• _EXERCISE DIRECTIONS_
Go through the entries below and copy each line containing the word "survival".
Start of EXERCISE INPUT
text \<open>Under the conditioned prior, a run accepting the record j at step t saw only values
  at most j, so its weight and the chance that j stays maximal are rescaled by powers of
  F(k) whose exponents add up to n.\<close>
lemma record_term_cond_eq:
  assumes x: "x \<in> PiE {..<Suc t} (\<lambda>_. V)" and j: "x t = real j" "j \<in> {1..K}" and t: "t < n"
    and ck: "0 < cdfP Ft k"
  shows "prefix_weight (cond_mass k) (Suc t) x * (survival a t x * record_accept a t x)
           * (\<Sum>v\<in>V. cond_mass k v * of_bool (v \<le> x t)) ^ (n - Suc t)
    = prefix_weight mass (Suc t) x * (survival a t x * record_accept a t x)
           * (if j \<le> k then cdfP Ft j ^ (n - Suc t) / cdfP Ft k ^ n else 0)"
proof (cases "record_accept a t x = 0")
  case False
  then have is_record: "\<forall>i<t. x i \<le> x t" by (rule record_accept_nonzero_imp_record)
  show ?thesis
  proof (cases "j \<le> k")
    case True
    then have "\<forall>i<Suc t. x i \<le> real k" using is_record j by (auto simp: less_Suc_eq)
    then have "prefix_weight (cond_mass k) (Suc t) x = (\<Prod>i<Suc t. mass (x i) / cdfP Ft k)"
      unfolding prefix_weight_def cond_mass_def by (intro prod.cong refl) auto
    then have weight: "prefix_weight (cond_mass k) (Suc t) x = prefix_weight mass (Suc t) x / cdfP Ft k ^ Suc t"
      unfolding prefix_weight_def by (simp add: prod_dividef)
    have "(\<Sum>v\<in>V. cond_mass k v * of_bool (v \<le> x t)) = (\<Sum>v\<in>V. mass v * of_bool (v \<le> x t) / cdfP Ft k)"
      unfolding cond_mass_def using j True by (intro sum.cong refl) auto
    then have tail: "(\<Sum>v\<in>V. cond_mass k v * of_bool (v \<le> x t)) = cdfP Ft j / cdfP Ft k"
      unfolding cdfP_eq_sum j(1) by (simp add: sum_divide_distrib)
    have "Suc t + (n - Suc t) = n" using t by simp
    then have "cdfP Ft k ^ Suc t * cdfP Ft k ^ (n - Suc t) = cdfP Ft k ^ n"
      by (metis power_add)
    then show ?thesis unfolding weight tail using True ck
      by (simp add: power_divide field_simps)
  next
    case False
    then have "cond_mass k (x t) = 0" using j unfolding cond_mass_def by auto
    then have "prefix_weight (cond_mass k) (Suc t) x = 0" unfolding prefix_weight_def by simp
    then show ?thesis using False by simp
  qed
qed simp
(* Let $(\mathfrak H_{-,+},\mathfrak H,\Gamma_0,\Gamma_1)$ be an m-boundary tuple for $M^*$, let $V$ be a fixed linear homeomorphism from $\mathfrak H$ onto $\mathfrak H_{-,+}$, and let $V^\#:\mathfrak H_{+,-}\to\mathfrak H$ be its $\mathfrak H$-pairing-adjoint. (i) An extension $\widehat M$ of $M$ is an m-dissipative operator in $\mathfrak X^{2,S}$ if and only if it is the restriction of $M^*$ to the set of $\psi\in\mathrm{dom}M^*$ satisfying $$(K+I_{\mathfrak H})V^{-1}\Gamma_0\psi+\mathrm i(K-I_{\mathfrak H})V^\#\Gamma_1\psi=0$$ for some contraction $K$ on $\mathfrak H$. (ii) This establishes a one-to-one correspondence between contractions $K$ on $\mathfrak H$ and m-dissipative extensions $\widehat M$ of $M$; moreover $\widehat M$ is selfadjoint if and only if $K$ is unitary.
   Context: $A$ is a closed densely defined symmetric operator in a Hilbert space $\mathfrak X$; $S$ is a bounded uniformly positive selfadjoint operator in $\mathfrak X^2=\mathfrak X\oplus\mathfrak X$; $\mathfrak X^{2,S}$ is $\mathfrak X^2$ with inner product $(S\cdot|\cdot)_{\mathfrak X^2}$. $M\{\psi_1,\psi_2\}=S^{-1}\{\mathrm iA\psi_2,-\mathrm iA\psi_1\}$ on $(\mathrm{dom}A)^2$; it is closed symmetric in $\mathfrak X^{2,S}$ with adjoint $M^*\{\psi_1,\psi_2\}=S^{-1}\{\mathrm iA^*\psi_2,-\mathrm iA^*\psi_1\}$ on $(\mathrm{dom}A^* )^2$. Mixed-order duality: given a Hilbert space $\mathfrak H$, a Hilbert space $\mathfrak H_{-,+}$ is an m-order space associated with $\mathfrak H$ if $\widetilde{\mathfrak H}_{-,+}:=\mathfrak H\cap\mathfrak H_{-,+}$ is dense in both and the quadratic form $\|h\|^2_{\mathfrak H_{-,+}}$, $h\in\widetilde{\mathfrak H}_{-,+}$, is closed in $\mathfrak H$. Two m-order spaces $\mathfrak H_{-,+},\mathfrak H_{+,-}$ are dual to each other w.r.t. $\mathfrak H$ if $\|h\|_{\mathfrak H_{\pm,\mp}}=\sup_{0\ne g\in\widetilde{\mathfrak H}_{\mp,\pm}}|(g|h)_{\mathfrak H}|/\|g\|_{\mathfrak H_{\mp,\pm}}$ for $h\in\widetilde{\mathfrak H}_{\pm,\mp}$. Then $(\cdot|\cdot)_{\mathfrak H}$ on $\widetilde{\mathfrak H}_{-,+}\times\widetilde{\mathfrak H}_{+,-}$ extends uniquely to a bounded sesquilinear form $\langle\cdot|\cdot\rangle_{\mathfrak H}$ on $\mathfrak H_{-,+}\times\mathfrak H_{+,-}$ (the $\mathfrak H$-pairing), and $\langle h_{+,-}|h_{-,+}\rangle_{\mathfrak H}:=\overline{\langle h_{-,+}|h_{+,-}\rangle_{\mathfrak H}}$; on $\mathfrak H\times\mathfrak H$ it denotes $(\cdot|\cdot)_{\mathfrak H}$. An m-boundary tuple for $M^*$ is $(\mathfrak H_{-,+},\mathfrak H,\Gamma_0,\Gamma_1)$ with $\mathfrak H_{\mp,\pm}$ dual m-order spaces w.r.t. $\mathfrak H$ and linear maps $\Gamma_0:\mathrm{dom}M^*\to\mathfrak H_{-,+}$, $\Gamma_1:\mathrm{dom}M^*\to\mathfrak H_{+,-}$ such that (M1) $f\mapsto\{\Gamma_0f,\Gamma_1f\}$ maps $\mathrm{dom}M^*$ onto $\mathfrak H_{-,+}\oplus\mathfrak H_{+,-}$, and (M2) $(M^*f|g)-(f|M^*g)=\langle\Gamma_1f|\Gamma_0g\rangle_{\mathfrak H}-\langle\Gamma_0f|\Gamma_1g\rangle_{\mathfrak H}$ for all $f,g\in\mathrm{dom}M^*$ (inner products in $\mathfrak X^{2,S}$). The $\mathfrak H$-pairing-adjoint of $V$ is the operator $V^\#:\mathfrak H_{+,-}\to\mathfrak H$ with $\langle Vf|g\rangle_{\mathfrak H}=(f|V^\#g)_{\mathfrak H}$ for all $f\in\mathfrak H$, $g\in\mathfrak H_{+,-}$. m-dissipative: upper half-plane in resolvent set, $\|(T-\lambda)^{-1}\|\le(\mathrm{Im}\lambda)^{-1}$; a contraction on $\mathfrak H$ is an everywhere defined operator of norm $\le1$. *)

theory Defs
  imports "HOL-Analysis.Analysis"
begin
lemma relpow_adjrel_imp_path_edges:
  "(u, v) \<in> adjrel E ^^ n \<Longrightarrow>
   \<exists>P \<subseteq> E. finite P \<and> card P \<le> n \<and> (\<forall>F. P \<inter> F = {} \<longrightarrow> reach (E - F) u v)"
proof (induction n arbitrary: v)
  case 0
  then show ?case by (intro exI[of _ "{}"]) (auto simp: reach_def)
next
  case (Suc n)
  from Suc.prems obtain y where y: "(u, y) \<in> adjrel E ^^ n" and "(y, v) \<in> adjrel E"
    by (rule relpow_Suc_E)
  then have yv: "{y, v} \<in> E" by (simp add: adjrel_def)
  from Suc.IH[OF y] obtain P where P: "P \<subseteq> E" "finite P" "card P \<le> n"
    "\<forall>F. P \<inter> F = {} \<longrightarrow> reach (E - F) u y" by blast
  show ?case
  proof (intro exI[of _ "insert {y, v} P"] conjI allI impI)
    fix F assume "insert {y, v} P \<inter> F = {}"
    then have "reach (E - F) u y" and "reach (E - F) y v"
      using P(4) yv by (auto intro: reach_edge)
    then show "reach (E - F) u v" by (rule reach_trans)
  qed (use P yv in \<open>simp_all add: card_insert_if\<close>)
qed

lemma prob_separated_le_gdist:
  assumes "reach E u v" and "0 \<le> p"
    and edge: "\<And>e. e \<in> E \<Longrightarrow> measure_pmf.prob M {F. e \<in> F} \<le> p"
  shows "measure_pmf.prob M {F. separated E F u v} \<le> real (gdist E u v) * p"
proof -
  obtain P where P: "P \<subseteq> E" "finite P" "card P \<le> gdist E u v"
    "\<forall>F. P \<inter> F = {} \<longrightarrow> reach (E - F) u v"
    using relpow_adjrel_imp_path_edges[OF reach_relpow_gdist[OF assms(1)]] by blast
  have "measure_pmf.prob M {F. separated E F u v} \<le> measure_pmf.prob M (\<Union>e\<in>P. {F. e \<in> F})"
    using P(4) unfolding separated_def by (intro measure_pmf.finite_measure_mono) auto
  also have "\<dots> \<le> (\<Sum>e\<in>P. measure_pmf.prob M {F. e \<in> F})"
    using P(2) by (intro measure_pmf.finite_measure_subadditive_finite) auto
  also have "\<dots> \<le> (\<Sum>e\<in>P. p)"
    using P(1) edge by (intro sum_mono) auto
  also have "\<dots> \<le> real (gdist E u v) * p"
    using P(3) \<open>0 \<le> p\<close> by (simp add: mult_right_mono)
  finally show ?thesis .
qed

lemma level_cuts_residue:
  assumes "e \<in> level_cuts R E' r ks0"
  shows "\<exists>l. \<forall>ks. e \<in> level_cuts R E' r ks \<longleftrightarrow> l \<in> ks"
proof -
  from assms obtain x y where xy: "e \<in> E'" "e = {x, y}" "reach E' r x"
      "gdist E' r y = gdist E' r x + 1"
    unfolding level_cuts_def by blast
  have lower_level: "gdist E' r x' mod R = gdist E' r x mod R"
    if "e = {x', y'}" "gdist E' r y' = gdist E' r x' + 1" for x' y'
    using that xy(2,4) by (auto simp: doubleton_eq_iff)
  have "e \<in> level_cuts R E' r ks \<longleftrightarrow> gdist E' r x mod R \<in> ks" for ks
  proof
    assume "e \<in> level_cuts R E' r ks"
    then obtain x' y' where "e = {x', y'}" "gdist E' r y' = gdist E' r x' + 1"
        "gdist E' r x' mod R \<in> ks"
      unfolding level_cuts_def by blast
    with lower_level show "gdist E' r x mod R \<in> ks" by simp
  next
    assume "gdist E' r x mod R \<in> ks"
    with xy show "e \<in> level_cuts R E' r ks"
      unfolding level_cuts_def by blast
  qed
  then show ?thesis by blast
qed

lemma level_cuts_same_comp:
  assumes "e \<in> level_cuts R E' r ks" and "e \<in> level_cuts R E' r' ks'"
  shows "comp V E' r = comp V E' r'"
proof -
  have "reach E' s a" if "e \<in> level_cuts R E' s js" "a \<in> e" for s js a
  proof -
    from that(1) obtain x y where xy: "e = {x, y}" "e \<in> E'" "reach E' s x"
      unfolding level_cuts_def by blast
    then have "reach E' s y" using reach_trans reach_edge by metis
    then show ?thesis using xy that(2) by blast
  qed
  moreover obtain a where "a \<in> e"
    using assms(1) unfolding level_cuts_def by blast
  ultimately have "reach E' r a" and "reach E' r' a"
    using assms by blast+
  then have "reach E' r r'"
    using reach_trans[OF _ reach_sym] by blast
  then show ?thesis by (rule comp_eq_if_reach)
qed

lemma tiebreak_root_comp:
  assumes "valid_tiebreak tb" and "finite V" and "C \<in> comps V E'"
  shows "tb i C lv \<in> C" and "comp V E' (tb i C lv) = C"
proof -
  from assms(3) obtain z where z: "z \<in> V" "C = comp V E' z" unfolding comps_def by blast
  then have "z \<in> C" and "finite C" using assms(2) by (auto simp: comp_def reach_def)
  then show "tb i C lv \<in> C" using assms(1) unfolding valid_tiebreak_def by blast
  then show "comp V E' (tb i C lv) = C"
    using z comp_eq_if_reach[of E' z "tb i C lv" V] by (simp add: comp_def)
qed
End of EXERCISE INPUT
• _EXERCISE SOLUTION_
  shows "prefix_weight (cond_mass k) (Suc t) x * (survival a t x * record_accept a t x)
    = prefix_weight mass (Suc t) x * (survival a t x * record_accept a t x)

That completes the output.